Shomporko Online News Desk: Extreme rainfall has caused devastating flooding in western Germany and Belgium, prompting many in Europe to wonder if climate change is to blame.
Climate change, according to scientists, will result in higher rains. However, scientists cautioned on Friday that identifying its impact in last week’s continuous downpours will take at least many weeks of inquiry.
“Floods happen all the time, and they happen at random, like tossing the dice. Ralf Toumi, a climate scientist at Imperial College London, stated, “But we’ve changed the chances on tossing the dice.”
Since the rainfall began, water has burst riverbanks and cascaded through communities, toppling telephone towers and tearing down homes along its path. At least 157 people have been killed and hundreds more were missing as of Saturday.
The deluge shocked many. German Chancellor Angela Merkel called the floods a catastrophe, and vowed to support those affected through these “difficult and scary times.”
In general the rising average global temperature – now about 1.2 degrees Celsius above the pre-industrial average – makes heavy rainfall more likely, according to scientists.
Warmer air holds more moisture, which means more water will be released eventually. More than 15 centimeters of rain soaked the German city of Cologne on Tuesday and Wednesday.
“When we have this heavy rainfall, then the atmosphere is almost like a sponge – you squeeze a sponge and the water flows out,” said Johannes Quaas, professor of Theoretical Meteorology at Leipzig University.
A 1-degree rise in average global temperature increases the atmosphere’s capacity to hold water by 7 per cent, climate scientists have said, raising the chance of heavy rainfall events.
Other factors including local geography and air pressure systems also determine how specific areas are affected.
Geert Jan van Oldenborgh of World Weather Attribution, an international scientific network that analyzes how climate change might have contributed to specific weather events, said he expected it could take weeks to determine a link between the rains and climate change.

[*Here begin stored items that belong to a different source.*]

(* Consider a family, indexed by integers $m\ge 2$, of normalized $2^m$-APSK constellations $\mathcal{X}_m$ with $K_m$ rings, and let $\mathsf{X}$ (depending on $m$) be uniformly distributed over $\mathcal{X}_m$. Suppose that, with all implied constants independent of $m$ and $k$: (1) the number of rings satisfies $K_m=\Theta(\sqrt{2^m})$; (2) the pre-normalization radii $\widetilde r_1,\dots,\widetilde r_{K_m}$ satisfy $\widetilde r_k=\Theta(k/\sqrt{2^m})$ for $1\le k\le K_m$ and $\widetilde r_{k+1}-\widetilde r_k=\Theta(1/\sqrt{2^m})$ for $1\le k\le K_m-1$; (3) the numbers of points per ring are $N_k=a_m k$ for $1\le k\le K_m-1$ and $N_{K_m}=2^m-\sum_{i=1}^{K_m-1}N_i$, where the positive integer $a_m$ is chosen so that $N_{K_m}>0$ and $N_{K_m}=\Theta(K_m)$; (4) the phase offsets are aligned across rings: $\phi_{k+1}-\phi_k=0$ for $1\le k\le K_m-1$. Then $d_{\min}^2(\mathsf{X})=\Theta(2^{-m})$.
   Context: A $2^m$-APSK constellation ($m\ge 2$) with $K_m$ rings is a set $$\mathcal{X}=\bigcup_{k=1}^{K_m}\left\{ r_k e^{j(\phi_k+2\pi n/N_k)} : n=0,1,\dots,N_k-1\right\}\subset\mathbb{C},$$ where $N_k\ge1$ is the number of points on ring $k$, $\sum_k N_k=2^m$, $r_k>0$ the ring radius and $\phi_k$ the phase offset. The normalized radii are obtained from pre-normalization radii $\widetilde r_k$ by $r_k=\widetilde r_k/\sqrt{E_0}$ with $E_0=\frac{1}{2^m}\sum_{k=1}^{K_m}N_k\widetilde r_k^2$, so that $\frac{1}{2^m}\sum_{x\in\mathcal{X}}|x|^2=1$. For $\mathsf{X}$ uniform on $\mathcal{X}$, $d_{\min}(\mathsf{X})$ is the minimum Euclidean distance between distinct points of $\mathcal{X}$. The notation $f=\Theta(g)$ means $c_1 g\le f\le c_2 g$ for positive constants $c_1,c_2$ independent of $m$ (and $k$). *)

theory Defs
  imports "HOL-Analysis.Analysis"
begin

definition apsk :: "nat \<Rightarrow> (nat \<Rightarrow> nat) \<Rightarrow> (nat \<Rightarrow> real) \<Rightarrow> (nat \<Rightarrow> real) \<Rightarrow> complex set" where
  "apsk K N r phi =
     (\<Union>k\<in>{1..K}. {complex_of_real (r k) * cis (phi k + 2 * pi * real n / real (N k)) | n. n < N k})"

definition apsk_E0 :: "nat \<Rightarrow> nat \<Rightarrow> (nat \<Rightarrow> nat) \<Rightarrow> (nat \<Rightarrow> real) \<Rightarrow> real" where
  "apsk_E0 m K N rt = (1 / 2 ^ m) * (\<Sum>k=1..K. real (N k) * (rt k)\<^sup>2)"

definition apsk_radii :: "nat \<Rightarrow> nat \<Rightarrow> (nat \<Rightarrow> nat) \<Rightarrow> (nat \<Rightarrow> real) \<Rightarrow> nat \<Rightarrow> real" where
  "apsk_radii m K N rt k = rt k / sqrt (apsk_E0 m K N rt)"

definition dmin :: "complex set \<Rightarrow> real" where
  "dmin X = Inf {cmod (x - y) | x y. x \<in> X \<and> y \<in> X \<and> x \<noteq> y}"

definition ring_sizes :: "nat \<Rightarrow> nat \<Rightarrow> nat \<Rightarrow> nat \<Rightarrow> nat" where
  "ring_sizes m K a k = (if k < K then a * k else 2 ^ m - (\<Sum>i=1..<K. a * i))"

end

theory Submission
  imports Defs
begin

text \<open>
  Normalisation divides all radii by sqrt E0, and E0 is bounded above and below by
  constants: with K = Theta(2^(m/2)), pre-normalisation radii Theta(k / 2^(m/2)) and
  N_k >= c k on every ring, the sum of N_k r_k^2 is of order 2^m (from below through
  the sum of k^3 being at least K^4/4).

  Points on different rings are at least one radial gap, Theta(2^(-m/2)), apart.
  Points on ring k are at least 2 r_k / N_k apart, because |sin (pi d / N)| >= 1/N
  for 0 < |d| < N. This is again of order 2^(-m/2): on the inner rings N_k / k = a,
  which is bounded because they carry fewer than 2^m points, and on the outer ring
  N_K = Theta(K). Conversely, aligned phases put the first points of rings 1 and 2 on
  one ray, one radial gap apart; with a single ring, two neighbouring points are
  O(2^(-m)) apart.
\<close>

lemma sin_ge_x_div_3:
  fixes x :: real
  assumes "0 \<le> x" "x \<le> pi / 2"
  shows "x / 3 \<le> sin x"
proof -
  have "\<bar>sin x - (\<Sum>m<3. sin_coeff m * x ^ m)\<bar> \<le> inverse (fact 3) * \<bar>x\<bar> ^ 3"
    by (rule Maclaurin_sin_bound)
  then have taylor: "\<bar>sin x - x\<bar> * 6 \<le> x ^ 3"
    using assms by (simp add: eval_nat_numeral sin_coeff_def fact_numeral)
  have "x\<^sup>2 \<le> 2\<^sup>2"
    using assms pi_less_4 by (intro power_mono) auto
  then have "x ^ 3 \<le> 4 * x"
    using assms mult_left_mono[of "x\<^sup>2" 4 x] by (simp add: power3_eq_cube power2_eq_square mult.commute)
  then show ?thesis
    using taylor by (simp add: abs_if split: if_splits)
qed

lemma sin_pi_div_ge:
  fixes e N :: nat
  assumes "0 < e" "e < N"
  shows "1 / real N \<le> sin (pi * real e / real N)"
proof -
  define f where "f = min e (N - e)"
  have f: "1 \<le> f" "2 * f \<le> N"
    using assms by (auto simp: f_def)
  have "sin (pi * real e / real N) = sin (pi * real f / real N)"
  proof (cases "f = e")
    case False
    then have "pi * real f / real N = pi - pi * real e / real N"
      using assms by (simp add: f_def min_def of_nat_diff field_simps split: if_splits)
    then show ?thesis
      by simp
  qed simp
  moreover have "pi * real f / real N / 3 \<le> sin (pi * real f / real N)"
    using f by (intro sin_ge_x_div_3) (auto simp: field_simps)
  moreover have "3 \<le> pi * real f"
    using f pi_gt3 mult_left_mono[of 1 "real f" pi] by linarith
  ultimately show ?thesis
    using assms by (simp add: field_simps)
qed

lemma norm_cis_diff: "cmod (cis a - cis b) = 2 * \<bar>sin ((a - b) / 2)\<bar>"
proof -
  have "(cmod (cis a - cis b))\<^sup>2 = 2 - 2 * cos (a - b)"
    by (simp add: cmod_power2 cis.code power2_diff cos_diff algebra_simps)
  also have "\<dots> = (2 * \<bar>sin ((a - b) / 2)\<bar>)\<^sup>2"
    using cos_double_sin[of "(a - b) / 2", unfolded mult_2 field_sum_of_halves]
    by (simp add: power_mult_distrib)
  finally show ?thesis
    by (subst (asm) power2_eq_iff_nonneg) auto
qed

lemma norm_cis_diff_le: "cmod (cis a - cis b) \<le> \<bar>a - b\<bar>"
  using abs_sin_x_le_abs_x[of "(a - b) / 2"] by (simp add: norm_cis_diff)

lemma ring_chord_ge:
  fixes N n1 n2 :: nat
  assumes "n1 < N" "n2 < N" "n1 \<noteq> n2"
  shows "2 * \<bar>r\<bar> / real N \<le> cmod (of_real r * cis (p + 2 * pi * real n1 / real N)
                                   - of_real r * cis (p + 2 * pi * real n2 / real N))"
  using assms
proof (induction n1 n2 rule: linorder_wlog)
  case (le n1 n2)
  define A where "A = p + 2 * pi * real n1 / real N"
  define B where "B = p + 2 * pi * real n2 / real N"
  have "(B - A) / 2 = pi * real (n2 - n1) / real N"
    using le by (simp add: A_def B_def of_nat_diff field_simps)
  moreover have "1 / real N \<le> sin (pi * real (n2 - n1) / real N)"
    using le by (intro sin_pi_div_ge) auto
  ultimately have "\<bar>r\<bar> * (2 * (1 / real N)) \<le> \<bar>r\<bar> * (2 * \<bar>sin ((B - A) / 2)\<bar>)"
    by (intro mult_left_mono) auto
  also have "\<dots> = \<bar>r\<bar> * cmod (cis B - cis A)"
    by (simp only: norm_cis_diff)
  also have "\<dots> = cmod (of_real r * cis A - of_real r * cis B)"
    by (simp add: norm_mult norm_minus_commute flip: right_diff_distrib)
  finally show ?case
    by (simp add: A_def B_def mult.commute)
next
  case (sym n1 n2)
  then show ?case
    by (simp add: norm_minus_commute)
qed

lemma mem_apsk:
  "x \<in> apsk K N r phi \<longleftrightarrow>
     (\<exists>k\<in>{1..K}. \<exists>n<N k. x = of_real (r k) * cis (phi k + 2 * pi * real n / real (N k)))"
  unfolding apsk_def by blast

lemma apsk_dist_ge:
  assumes "x \<in> apsk K N r phi" "y \<in> apsk K N r phi" "x \<noteq> y"
    and radii_nonneg: "\<And>k. k \<in> {1..K} \<Longrightarrow> 0 \<le> r k"
    and radii_sep: "\<And>j k. j \<in> {1..K} \<Longrightarrow> k \<in> {1..K} \<Longrightarrow> j \<noteq> k \<Longrightarrow> \<delta> \<le> \<bar>r j - r k\<bar>"
    and chord_sep: "\<And>k. k \<in> {1..K} \<Longrightarrow> \<delta> \<le> 2 * r k / real (N k)"
  shows "\<delta> \<le> cmod (x - y)"
proof -
  obtain j n1 where j: "j \<in> {1..K}" "n1 < N j"
    and x: "x = of_real (r j) * cis (phi j + 2 * pi * real n1 / real (N j))"
    using assms(1) mem_apsk by blast
  obtain k n2 where k: "k \<in> {1..K}" "n2 < N k"
    and y: "y = of_real (r k) * cis (phi k + 2 * pi * real n2 / real (N k))"
    using assms(2) mem_apsk by blast
  show ?thesis
  proof (cases "j = k")
    case True
    then have "n1 \<noteq> n2"
      using x y assms(3) by auto
    then have "2 * r k / real (N k) \<le> cmod (x - y)"
      using ring_chord_ge[of n1 "N k" n2 "r k" "phi k"] j k True x y radii_nonneg[OF k(1)] by simp
    then show ?thesis
      using chord_sep[OF k(1)] by linarith
  next
    case False
    have "\<bar>r j - r k\<bar> \<le> cmod (x - y)"
      using norm_triangle_ineq3[of x y] radii_nonneg[OF j(1)] radii_nonneg[OF k(1)]
      by (simp add: x y norm_mult)
    then show ?thesis
      using radii_sep[OF j(1) k(1) False] by linarith
  qed
qed

lemma dmin_bounds:
  assumes "x \<in> X" "y \<in> X" "x \<noteq> y"
    and "\<And>u v. u \<in> X \<Longrightarrow> v \<in> X \<Longrightarrow> u \<noteq> v \<Longrightarrow> \<delta> \<le> cmod (u - v)"
  shows "\<delta> \<le> dmin X" "dmin X \<le> cmod (x - y)"
proof -
  let ?D = "{cmod (u - v) | u v. u \<in> X \<and> v \<in> X \<and> u \<noteq> v}"
  have "cmod (x - y) \<in> ?D"
    using assms(1-3) by blast
  moreover have "bdd_below ?D"
    by (rule bdd_belowI[of _ 0]) auto
  ultimately show "\<delta> \<le> dmin X" "dmin X \<le> cmod (x - y)"
    unfolding dmin_def using assms(4) by (auto intro!: cInf_greatest cInf_lower)
qed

“We’re quick, but we’re not that quick,” said van Oldenborgh, a climate scientist at the Royal Netherlands Meteorological Institute.
Early observations suggest the rains might have been encouraged by a low-pressure system parked over western Europe for days, at it was blocked from moving on by high pressure to the east and north.
The floods follow just weeks after a record-breaking heatwave killed hundreds of people in Canada and the United States. Scientists have since said that extreme heat would have been “virtually impossible” without climate change, which had made such an event at least 150 times more likely to occur.
Europe also has been unusually hot. The Finnish capital of Helsinki, for example, just had its most scorching June on record since 1844.
This week’s rains have smashed rainfall and river-level records in areas of western Europe.
Though researchers have been predicting weather disruption from climate change for decades, some say the speed with which these extremes are hitting has taken them by surprise.
“I am scared that it seems to be happening so quickly,” said Hayley Fowler, a hydro-climatologist at Newcastle University in Britain, noting the “seriously record-breaking events all over the world, within weeks of each other.”
Others said the rainfall was not such a surprise, but that the high death toll suggested areas lacked effective warning and evacuation systems to cope with extreme weather events.
“Rainfall doesn’t equal disaster,” said Imperial College London’s Toumi. “What’s really disturbing is the number of fatalities. … It’s a wake-up call.”
The European Union announced a slew of climate regulations this week with the goal of halving the bloc’s global warming emissions by 2030.
According to Stefan Rahmstorf, an oceanographer and climate scientist at the Potsdam Institute for Climate Impact Research, cutting emissions is critical for slowing climate change.
“We already live in a warming world, with melting ice, increasing sea levels, and more intense weather. That will be with us for centuries to come,” Rahmstorf remarked. “However, we can stop it from growing a lot worse.”